Irish publisher (21st century)

John Ryan is an Irish journalist and publisher. He is a former editor of Magill and In Dublin. His publications include the magazines VIP and New York Dog (both with former business partner, Michael O'Doherty) and the websites blogorrah.com, and Broadsheet.ie. In 2009 Ryan also created and starred in a RTÉ Two comedy television show This is Nightlive, which mimicked the antics of Ireland's newscasters and other newsroom members.

==Early life==
Ryan grew up in Monkstown, Dublin and was educated at C.B.C. Monkstown. A number of his relatives, including his father John Ryan Snr, were well known in the arts scene in Dublin. His grandfather, Séamus Ryan, was a Senator in the Irish Parliament whilst his aunt Kathleen Ryan was an actress.

==Career==

===Early work===
Ryan started his career in journalism with a local newspaper in north London, The Hornsey Journal. Ryan served as a war correspondent during his early years, reporting from Bosnia, Rwanda and apartheid South Africa. He was also editor of Magill magazine and The Sunday Times Culture section in addition to journalism with the Sunday Independent.

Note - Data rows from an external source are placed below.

(* Suppose $A$ is a simple quotient algebra of $\mathcal{A}(D)$. If $G$ induces a group of automorphisms on $A$ (i.e., the action of $G$ on $\mathcal{A}(D)$ descends to $A$), then $A$ is isomorphic to $\mathcal{A}(D)/\mathcal{V}(D)$.
   Context: Let $G$ be a group generated by a conjugacy class $D$ of involutions such that for all $d,e\in D$ the order of $de$ is $1$, $2$ or $3$. Lines of the Fischer space on $D$ are triples $\{d,e,d^e\}$ with $d,e\in D$ non-commuting. $\mathcal{A}(D)$ is the $\mathbb{F}_2$-vector space with basis $D$, with bilinear product determined by $d*e=d+e+f$ if $\{d,e,f\}$ is a line and $d*e=0$ otherwise; $G$ acts on it by linear extension of conjugation. The bilinear form $\langle\cdot,\cdot\rangle$ is determined by $\langle d,e\rangle=1$ if $d,e$ do not commute and $0$ otherwise; $\mathcal{V}(D)$ is its radical. *)

theory Defs
  imports "HOL-Algebra.Algebra" "HOL-Library.Z2"
begin

text \<open>Vectors of the F_2-space with basis D are finitely supported functions
  'g => bit vanishing outside D.\<close>

definition supp :: "('g \<Rightarrow> bit) \<Rightarrow> 'g set" where
  "supp v = {x. v x \<noteq> 0}"

definition AD :: "'g set \<Rightarrow> ('g \<Rightarrow> bit) set" where
  "AD D = {v. finite (supp v) \<and> supp v \<subseteq> D}"

definition vadd :: "('g \<Rightarrow> bit) \<Rightarrow> ('g \<Rightarrow> bit) \<Rightarrow> ('g \<Rightarrow> bit)" where
  "vadd v w = (\<lambda>x. v x + w x)"

definition vzero :: "'g \<Rightarrow> bit" where
  "vzero = (\<lambda>_. 0)"

definition commutes :: "('g, 'b) monoid_scheme \<Rightarrow> 'g \<Rightarrow> 'g \<Rightarrow> bool" where
  "commutes G d e \<longleftrightarrow> d \<otimes>\<^bsub>G\<^esub> e = e \<otimes>\<^bsub>G\<^esub> d"

definition bprod :: "('g, 'b) monoid_scheme \<Rightarrow> 'g \<Rightarrow> 'g \<Rightarrow> ('g \<Rightarrow> bit)" where
  "bprod G d e = (if commutes G d e then vzero
     else (\<lambda>x. if x \<in> {d, e, inv\<^bsub>G\<^esub> e \<otimes>\<^bsub>G\<^esub> d \<otimes>\<^bsub>G\<^esub> e} then 1 else 0))"

definition amult :: "('g, 'b) monoid_scheme \<Rightarrow> ('g \<Rightarrow> bit) \<Rightarrow> ('g \<Rightarrow> bit) \<Rightarrow> ('g \<Rightarrow> bit)" where
  "amult G v w = (\<lambda>x. \<Sum>d\<in>supp v. \<Sum>e\<in>supp w. v d * w e * bprod G d e x)"

definition bform :: "('g, 'b) monoid_scheme \<Rightarrow> ('g \<Rightarrow> bit) \<Rightarrow> ('g \<Rightarrow> bit) \<Rightarrow> bit" where
  "bform G v w = (\<Sum>d\<in>supp v. \<Sum>e\<in>supp w. v d * w e * (if commutes G d e then 0 else 1))"

definition radical :: "('g, 'b) monoid_scheme \<Rightarrow> 'g set \<Rightarrow> ('g \<Rightarrow> bit) set" where
  "radical G D = {v \<in> AD D. \<forall>w \<in> AD D. bform G v w = 0}"

text \<open>Linear extension of conjugation: the basis vector d is mapped to g d g^-1.\<close>
definition act :: "('g, 'b) monoid_scheme \<Rightarrow> 'g \<Rightarrow> ('g \<Rightarrow> bit) \<Rightarrow> ('g \<Rightarrow> bit)" where
  "act G g v = (\<lambda>x. if x \<in> carrier G then v (inv\<^bsub>G\<^esub> g \<otimes>\<^bsub>G\<^esub> x \<otimes>\<^bsub>G\<^esub> g) else 0)"

text \<open>Ideals of the (commutative) algebra A(D); over F_2 subspaces are the
  additively closed subsets containing 0.\<close>
definition is_ideal :: "('g, 'b) monoid_scheme \<Rightarrow> 'g set \<Rightarrow> ('g \<Rightarrow> bit) set \<Rightarrow> bool" where
  "is_ideal G D I \<longleftrightarrow> I \<subseteq> AD D \<and> vzero \<in> I
     \<and> (\<forall>v\<in>I. \<forall>w\<in>I. vadd v w \<in> I)
     \<and> (\<forall>v\<in>I. \<forall>w\<in>AD D. amult G v w \<in> I \<and> amult G w v \<in> I)"

text \<open>A(D)/I is a simple algebra: it has nonzero product and its only ideals
  are 0 and itself (ideals of A(D)/I correspond to ideals of A(D) containing I).\<close>
definition simple_quotient :: "('g, 'b) monoid_scheme \<Rightarrow> 'g set \<Rightarrow> ('g \<Rightarrow> bit) set \<Rightarrow> bool" where
  "simple_quotient G D I \<longleftrightarrow> is_ideal G D I
     \<and> (\<exists>v\<in>AD D. \<exists>w\<in>AD D. amult G v w \<notin> I)
     \<and> (\<forall>J. is_ideal G D J \<and> I \<subseteq> J \<longrightarrow> J = I \<or> J = AD D)"

text \<open>The action of G on A(D) descends to A(D)/I.\<close>
definition G_invariant :: "('g, 'b) monoid_scheme \<Rightarrow> ('g \<Rightarrow> bit) set \<Rightarrow> bool" where
  "G_invariant G I \<longleftrightarrow> (\<forall>g\<in>carrier G. \<forall>v\<in>I. act G g v \<in> I)"

text \<open>A(D)/I and A(D)/J are isomorphic F_2-algebras, written on representatives:
  psi induces a well-defined, injective, surjective, additive and multiplicative
  map from A(D)/I to A(D)/J (over F_2, additivity gives linearity).\<close>
definition quot_iso :: "('g, 'b) monoid_scheme \<Rightarrow> 'g set \<Rightarrow> ('g \<Rightarrow> bit) set \<Rightarrow> ('g \<Rightarrow> bit) set \<Rightarrow> bool" where
  "quot_iso G D I J \<longleftrightarrow> (\<exists>\<psi>. \<psi> ` AD D \<subseteq> AD D
     \<and> (\<forall>v\<in>AD D. \<forall>w\<in>AD D. vadd (\<psi> v) (\<psi> w) \<in> J \<longleftrightarrow> vadd v w \<in> I)
     \<and> (\<forall>u\<in>AD D. \<exists>v\<in>AD D. vadd (\<psi> v) u \<in> J)
     \<and> (\<forall>v\<in>AD D. \<forall>w\<in>AD D. vadd (\<psi> (vadd v w)) (vadd (\<psi> v) (\<psi> w)) \<in> J)
     \<and> (\<forall>v\<in>AD D. \<forall>w\<in>AD D. vadd (\<psi> (amult G v w)) (amult G (\<psi> v) (\<psi> w)) \<in> J))"

end

theory Submission
  imports Defs
begin

text \<open>Everything rests on the formula \<open>d * v = \<langle>v,d\<rangle> d + v + v\<^sup>d\<close> for \<open>d \<in> D\<close>,
  which follows from the braid relation \<open>e\<^sup>d = d\<^sup>e\<close> for non-commuting \<open>d, e \<in> D\<close>.
  If a \<open>G\<close>-invariant ideal contains some \<open>v\<close> with \<open>\<langle>v,d\<rangle> \<noteq> 0\<close>, the formula puts
  \<open>d\<close> into the ideal, hence all of the conjugacy class \<open>D\<close>, hence everything. So every
  proper invariant ideal lies in \<open>V(D)\<close>. The same formula shows that \<open>V(D)\<close>, being
  invariant, is an ideal; it is proper because the product is nonzero. Simplicity of
  the quotient then forces the ideal to be \<open>V(D)\<close> itself.\<close>

declare mult_bit_eq_and[simp del] add_bit_eq_xor[simp del]

lemma bit_add_self [simp]: "(x::bit) + x = 0"
  by (cases x) simp_all

lemma vadd_self [simp]: "vadd v v = vzero"
  by (simp add: vadd_def vzero_def)

lemma supp_vzero [simp]: "supp vzero = {}"
  by (simp add: supp_def vzero_def)

lemma supp_vadd: "supp (vadd v w) \<subseteq> supp v \<union> supp w"
  by (auto simp: supp_def vadd_def)

lemma in_supp_eq_1: "d \<in> supp v \<Longrightarrow> v d = 1"
  by (simp add: supp_def)

lemma vadd_AD: "v \<in> AD D \<Longrightarrow> w \<in> AD D \<Longrightarrow> vadd v w \<in> AD D"
  unfolding AD_def using supp_vadd[of v w] by (auto intro: finite_subset)

definition basis_vec :: "'g \<Rightarrow> 'g \<Rightarrow> bit" where
  "basis_vec a = (\<lambda>x. if x = a then 1 else 0)"

lemma supp_basis_vec [simp]: "supp (basis_vec a) = {a}"
  by (auto simp: supp_def basis_vec_def)

lemma basis_vec_AD: "a \<in> D \<Longrightarrow> basis_vec a \<in> AD D"
  by (simp add: AD_def)

lemma sum_basis_vec_supp: "finite (supp v) \<Longrightarrow> (\<Sum>f\<in>supp v. basis_vec f x) = v x"
  unfolding basis_vec_def by (auto simp: sum.delta supp_def)

lemma sum_vectors_closed:
  assumes "finite S" "vzero \<in> R" "\<And>a b. a \<in> R \<Longrightarrow> b \<in> R \<Longrightarrow> vadd a b \<in> R"
    "\<And>e. e \<in> S \<Longrightarrow> f e \<in> R"
  shows "(\<lambda>x. \<Sum>e\<in>S. f e x) \<in> R"
  using assms(1,4)
proof (induction S rule: finite_induct)
  case empty
  then show ?case using assms(2) by (simp add: vzero_def)
next
  case (insert a S)
  have "(\<lambda>x. \<Sum>e\<in>insert a S. f e x) = vadd (f a) (\<lambda>x. \<Sum>e\<in>S. f e x)"
    using insert by (simp add: vadd_def)
  then show ?case using insert assms(3) by auto
qed

lemma AD_subset_if_basis_vecs:
  assumes "vzero \<in> R" "\<And>a b. a \<in> R \<Longrightarrow> b \<in> R \<Longrightarrow> vadd a b \<in> R"
    "\<And>d. d \<in> D \<Longrightarrow> basis_vec d \<in> R"
  shows "AD D \<subseteq> R"
proof
  fix u assume u: "u \<in> AD D"
  then have "(\<lambda>x. \<Sum>f\<in>supp u. basis_vec f x) \<in> R"
    using assms by (intro sum_vectors_closed) (auto simp: AD_def)
  moreover have "(\<lambda>x. \<Sum>f\<in>supp u. basis_vec f x) = u"
    using u by (simp add: AD_def sum_basis_vec_supp)
  ultimately show "u \<in> R" by simp
qed

lemma amult_basis_vec_left:
  "amult G (basis_vec d) v x = (\<Sum>f\<in>supp v. v f * bprod G d f x)"
  unfolding amult_def supp_basis_vec by (simp add: basis_vec_def)

lemma amult_expand_left:
  "amult G w v x = (\<Sum>e\<in>supp w. w e * amult G (basis_vec e) v x)"
  by (simp only: amult_basis_vec_left) (simp add: amult_def sum_distrib_left mult_ac)

lemma amult_eq_vzero_if_all_commute:
  assumes "v \<in> AD D" "w \<in> AD D" "\<And>d e. d \<in> D \<Longrightarrow> e \<in> D \<Longrightarrow> commutes G d e"
  shows "amult G v w = vzero"
proof -
  have "\<forall>d\<in>supp v. \<forall>e\<in>supp w. bprod G d e = vzero"
    using assms by (auto simp: AD_def bprod_def)
  then show ?thesis unfolding amult_def by (intro ext) (simp add: vzero_def)
qed

lemma quot_iso_refl:
  assumes "vzero \<in> I"
  shows "quot_iso G D I I"
  unfolding quot_iso_def
proof (rule exI[of _ "\<lambda>v. v"], intro conjI ballI)
  fix u assume "u \<in> AD D"
  then show "\<exists>v\<in>AD D. vadd v u \<in> I" using assms by (intro bexI[of _ u]) auto
qed (use assms in simp_all)


subsection \<open>The bilinear form\<close>

definition bform_elem :: "('g, 'b) monoid_scheme \<Rightarrow> 'g \<Rightarrow> 'g \<Rightarrow> bit" where
  "bform_elem G d e = (if commutes G d e then 0 else 1)"

definition bform_left :: "('g, 'b) monoid_scheme \<Rightarrow> ('g \<Rightarrow> bit) \<Rightarrow> 'g \<Rightarrow> bit" where
  "bform_left G v e = (\<Sum>d\<in>supp v. v d * bform_elem G d e)"

lemma bform_elem_sym: "bform_elem G d e = bform_elem G e d"
  by (auto simp: bform_elem_def commutes_def)

lemma bform_left_basis_vec: "bform_left G (basis_vec d) e = bform_elem G d e"
  unfolding bform_left_def supp_basis_vec by (simp add: basis_vec_def)

lemma bform_eq_sum_bform_left: "bform G v w = (\<Sum>e\<in>supp w. w e * bform_left G v e)"
  unfolding bform_def bform_left_def bform_elem_def
  by (subst sum.swap) (simp add: sum_distrib_left mult_ac)

lemma bform_left_superset:
  assumes "finite A" "supp v \<subseteq> A"
  shows "bform_left G v e = (\<Sum>d\<in>A. v d * bform_elem G d e)"
  unfolding bform_left_def
  by (rule sum.mono_neutral_left) (use assms in \<open>auto simp: supp_def\<close>)

lemma bform_left_vadd:
  assumes "finite (supp v)" "finite (supp w)"
  shows "bform_left G (vadd v w) e = bform_left G v e + bform_left G w e"
proof -
  let ?A = "supp v \<union> supp w"
  have "bform_left G (vadd v w) e = (\<Sum>d\<in>?A. vadd v w d * bform_elem G d e)"
    by (rule bform_left_superset) (use assms supp_vadd[of v w] in auto)
  also have "\<dots> = (\<Sum>d\<in>?A. v d * bform_elem G d e) + (\<Sum>d\<in>?A. w d * bform_elem G d e)"
    by (simp add: vadd_def distrib_right sum.distrib)
  also have "\<dots> = bform_left G v e + bform_left G w e"
  proof -
    have "bform_left G v e = (\<Sum>d\<in>?A. v d * bform_elem G d e)"
      "bform_left G w e = (\<Sum>d\<in>?A. w d * bform_elem G d e)"
      by (rule bform_left_superset; use assms in auto)+
    then show ?thesis by simp
  qed
  finally show ?thesis .
qed

lemma radical_iff_bform_left:
  "v \<in> radical G D \<longleftrightarrow> v \<in> AD D \<and> (\<forall>e\<in>D. bform_left G v e = 0)"
proof
  assume v: "v \<in> radical G D"
  have "bform_left G v e = 0" if "e \<in> D" for e
  proof -
    have "bform G v (basis_vec e) = 0"
      using v basis_vec_AD[OF that] unfolding radical_def by blast
    then show ?thesis unfolding bform_eq_sum_bform_left supp_basis_vec by (simp add: basis_vec_def)
  qed
  then show "v \<in> AD D \<and> (\<forall>e\<in>D. bform_left G v e = 0)"
    using v by (simp add: radical_def)
next
  assume v: "v \<in> AD D \<and> (\<forall>e\<in>D. bform_left G v e = 0)"
  have "bform G v w = 0" if "w \<in> AD D" for w
    using that v unfolding bform_eq_sum_bform_left AD_def by (intro sum.neutral) auto
  then show "v \<in> radical G D" using v by (simp add: radical_def)
qed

===Breaking the Charlie Haughey and Terry Keane affair===
In 1999 whilst editing the Culture section and working as a journalist at The Sunday Times, Ryan broke the story of the long-time affair between the former Taoiseach and Terry Keane, a columnist of The Keane Edge at The Sunday Independent. Keane had left The Sunday Independent on bad terms and Ryan, who had worked with her at The Sunday Independent, approached her to sell her story to The Times.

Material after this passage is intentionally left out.